AIM OF THE TASK
Please copy out all lines of the entries that contain the word "terms".

Segment Open

lemma pd_cong:
  "x \<in> \<Omega> \<Longrightarrow> (\<And>y. y \<in> \<Omega> \<Longrightarrow> \<phi> y = \<psi> y) \<Longrightarrow> pd i \<phi> x = pd i \<psi> x"
  unfolding pd_def by (rule deriv_cong_ev) (simp_all add: eventually_eq_along_line[OF open_dom])

lemma qpd_cong:
  "x \<in> \<Omega> \<Longrightarrow> (\<And>y. y \<in> \<Omega> \<Longrightarrow> g y = h y) \<Longrightarrow> qpd i g x = qpd i h x"
  unfolding qpd_def by (intro arg_cong4[where f=Quat] pd_cong) auto

lemma qpd_commute: "qC2_on \<Omega> g \<Longrightarrow> x \<in> \<Omega> \<Longrightarrow> qpd j (qpd i g) x = qpd i (qpd j g) x"
  unfolding qC2_on_def by (simp add: quat_eq_iff pd_commute[OF open_dom])

lemma dbarL_cong:
  assumes "x \<in> \<Omega>" "\<And>y. y \<in> \<Omega> \<Longrightarrow> g y = h y"
  shows "dbarL g x = dbarL h x"
  using qpd_cong[OF assms] by (simp add: dbarL_eq_sum)

section \<open>Monogenic functions\<close>

lemma dbarR_norm_sq_scaleR_monogenic:
  assumes "\<And>y. qi3 (F y) = 0" "qhas_partials_on \<Omega> F" "x \<in> \<Omega>" "dbarL F x = 0"
  shows "dbarR (\<lambda>y. (norm y)\<^sup>2 *\<^sub>R F y) x = 2 *\<^sub>R (F x * red x)"
proof -
  have "dbarR (\<lambda>y. (norm y)\<^sup>2 *\<^sub>R F y) x = (\<Sum>i\<in>UNIV. (2 * x $ i) *\<^sub>R (F x * qbasis i))"
    using assms by (simp add: dbarR_scaleR dbarR_eq_0_if_dbarL_eq_0)
  also have "\<dots> = 2 *\<^sub>R (F x * red x)"
    by (simp add: red_eq_sum sum_distrib_left scaleR_sum_right)
  finally show ?thesis .
qed

lemma dbarL_mult_red_monogenic:
  assumes "\<And>y. qi3 (F y) = 0" "qhas_partials_on \<Omega> F" "x \<in> \<Omega>" "dbarL F x = 0"
  shows "dbarL (\<lambda>y. F y * red y) x = - qconj (F x)"
  using assms by (simp add: dbarL_mult sum_qbasis_sandwich)

lemma dbarLR_norm_sq_scaleR_monogenic:
  assumes "\<And>y. qi3 (F y) = 0" "qhas_partials_on \<Omega> F" "x \<in> \<Omega>"
    and "\<And>y. y \<in> \<Omega> \<Longrightarrow> dbarL F y = 0"
  shows "dbarLR (\<lambda>y. (norm y)\<^sup>2 *\<^sub>R F y) x = - 2 *\<^sub>R qconj (F x)"
proof -
  have "dbarLR (\<lambda>y. (norm y)\<^sup>2 *\<^sub>R F y) x = dbarL (\<lambda>y. 2 *\<^sub>R (F y * red y)) x"
    unfolding dbarLR_def using assms by (intro dbarL_cong) (simp_all add: dbarR_norm_sq_scaleR_monogenic)
  also have "\<dots> = 2 *\<^sub>R dbarL (\<lambda>y. F y * red y) x"
    using assms by (simp add: dbarL_scaleR)
  also have "\<dots> = - 2 *\<^sub>R qconj (F x)"
    using assms by (simp add: dbarL_mult_red_monogenic)
  finally show ?thesis .
qed

lemma dbarR_anticomm_conj_red_monogenic:
  assumes "\<And>y. qi3 (F y) = 0" "qhas_partials_on \<Omega> F" "x \<in> \<Omega>" "dbarL F x = 0"
  shows "dbarR (\<lambda>y. qconj (red y) * F y + F y * qconj (red y)) x
    = 4 *\<^sub>R F x + of_real (2 * qre (F x)) + (\<Sum>i\<in>UNIV. qpd i F x * qconj (red x) * qbasis i)"
proof -
  have "dbarR (\<lambda>y. qconj (red y) * F y + F y * qconj (red y)) x
    = (\<Sum>i\<in>UNIV. qconj (qbasis i) * F x * qbasis i) + qconj (red x) * dbarR F x
      + ((\<Sum>i\<in>UNIV. qpd i F x * qconj (red x) * qbasis i) + F x * (\<Sum>i\<in>UNIV. qconj (qbasis i) * qbasis i))"
    using assms(2,3) by (simp add: dbarR_add dbarR_mult dbarR_eq_sum[of "\<lambda>y. qconj (red y)"])
  also have "\<dots> = 4 *\<^sub>R F x + of_real (2 * qre (F x)) + (\<Sum>i\<in>UNIV. qpd i F x * qconj (red x) * qbasis i)"
    using assms by (simp add: sum_qconj_qbasis_sandwich sum_qconj_qbasis_mult_qbasis
        dbarR_eq_0_if_dbarL_eq_0 quat_eq_iff)
  finally show ?thesis .
qed

lemma dbarL_qpd_monogenic:
  assumes "qC2_on \<Omega> F" "x \<in> \<Omega>" "\<And>y. y \<in> \<Omega> \<Longrightarrow> dbarL F y = 0"
  shows "dbarL (qpd i F) x = 0"
proof -
  note partials = qC2_on_has_partials_on[OF assms(1)]
  have "dbarL (qpd i F) x = (\<Sum>j\<in>UNIV. qbasis j * qpd i (qpd j F) x)"
    using assms(1,2) by (simp add: dbarL_eq_sum qpd_commute)
  also have "\<dots> = qpd i (dbarL F) x"
    using assms(2) partials by (simp add: dbarL_eq_sum[abs_def])
  also have "\<dots> = qpd i (\<lambda>y. 0) x"
    using assms(2,3) by (rule qpd_cong)
  finally show ?thesis by simp
qed

lemma dbarL_anticomm_expansion_monogenic:
  assumes "\<And>y. qi3 (F y) = 0" "qC2_on \<Omega> F" "x \<in> \<Omega>" "\<And>y. y \<in> \<Omega> \<Longrightarrow> dbarL F y = 0"
  shows "dbarL (\<lambda>y. 4 *\<^sub>R F y + of_real (2 * qre (F y)) + (\<Sum>i\<in>UNIV. qpd i F y * qconj (red y) * qbasis i)) x
    = 4 *\<^sub>R dbarL (\<lambda>y. of_real (qre (F y))) x"
proof -
  note partials = qC2_on_has_partials_on[OF assms(2)]
  have qre_partials: "has_partials_on \<Omega> (\<lambda>y. qre (F y))"
    using partials(1) by (simp add: qhas_partials_on_def)
  have "dbarL (\<lambda>y. qpd i F y * (qconj (red y) * qbasis i)) x
      = (\<Sum>j\<in>UNIV. qbasis j * qpd i F x * qconj (qbasis j)) * qbasis i" for i
    using partials assms(3)
    by (simp add: dbarL_mult dbarL_qpd_monogenic[OF assms(2-4)] sum_distrib_right mult.assoc)
  also have "\<dots> i = (qpd i F x + of_real (2 * pd i (\<lambda>y. qre (F y)) x)) * qbasis i" for i
    using assms(1) by (simp add: sum_qbasis_sandwich_qconj)
  finally have terms: "dbarL (\<lambda>y. qpd i F y * qconj (red y) * qbasis i) x
      = qpd i F x * qbasis i + of_real (pd i (\<lambda>y. 2 * qre (F y)) x) * qbasis i" for i
    using assms(3) qre_partials by (simp add: mult.assoc distrib_right)
  have double: "dbarL (\<lambda>y. of_real (2 * qre (F y))) x = 2 *\<^sub>R dbarL (\<lambda>y. of_real (qre (F y))) x"
    using assms(3) qre_partials
    by (subst (1 2) dbarL_of_real) (simp_all add: scaleR_sum_right scaleR_conv_of_real mult.assoc sum_distrib_left)
  have "dbarL (\<lambda>y. 4 *\<^sub>R F y + of_real (2 * qre (F y)) + (\<Sum>i\<in>UNIV. qpd i F y * qconj (red y) * qbasis i)) x
      = 4 *\<^sub>R dbarL F x + dbarL (\<lambda>y. of_real (2 * qre (F y))) x
        + (\<Sum>i\<in>UNIV. dbarL (\<lambda>y. qpd i F y * qconj (red y) * qbasis i) x)"
    using partials assms(3) qre_partials by (simp add: dbarL_add dbarL_scaleR dbarL_sum)
  also have "\<dots> = 4 *\<^sub>R dbarL F x + dbarR F x + 2 *\<^sub>R dbarL (\<lambda>y. of_real (2 * qre (F y))) x"
  proof -
    have "has_partials_on \<Omega> (\<lambda>y. 2 * qre (F y))" using qre_partials by simp
    then have "(\<Sum>i\<in>UNIV. dbarL (\<lambda>y. qpd i F y * qconj (red y) * qbasis i) x)
        = dbarR F x + dbarL (\<lambda>y. of_real (2 * qre (F y))) x"
      using assms(3) by (simp only: terms sum.distrib dbarR_eq_sum dbarL_of_real)
    then show ?thesis by (simp add: scaleR_2 algebra_simps)
  qed
  also have "\<dots> = 4 *\<^sub>R dbarL (\<lambda>y. of_real (qre (F y))) x"
    unfolding double using assms by (simp add: dbarR_eq_0_if_dbarL_eq_0)
  finally show ?thesis .
qed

Segment Closed

ANSWER SPACE
  finally have terms: "dbarL (\<lambda>y. qpd i F y * qconj (red y) * qbasis i) x
      using assms(3) by (simp only: terms sum.distrib dbarR_eq_sum dbarL_of_real)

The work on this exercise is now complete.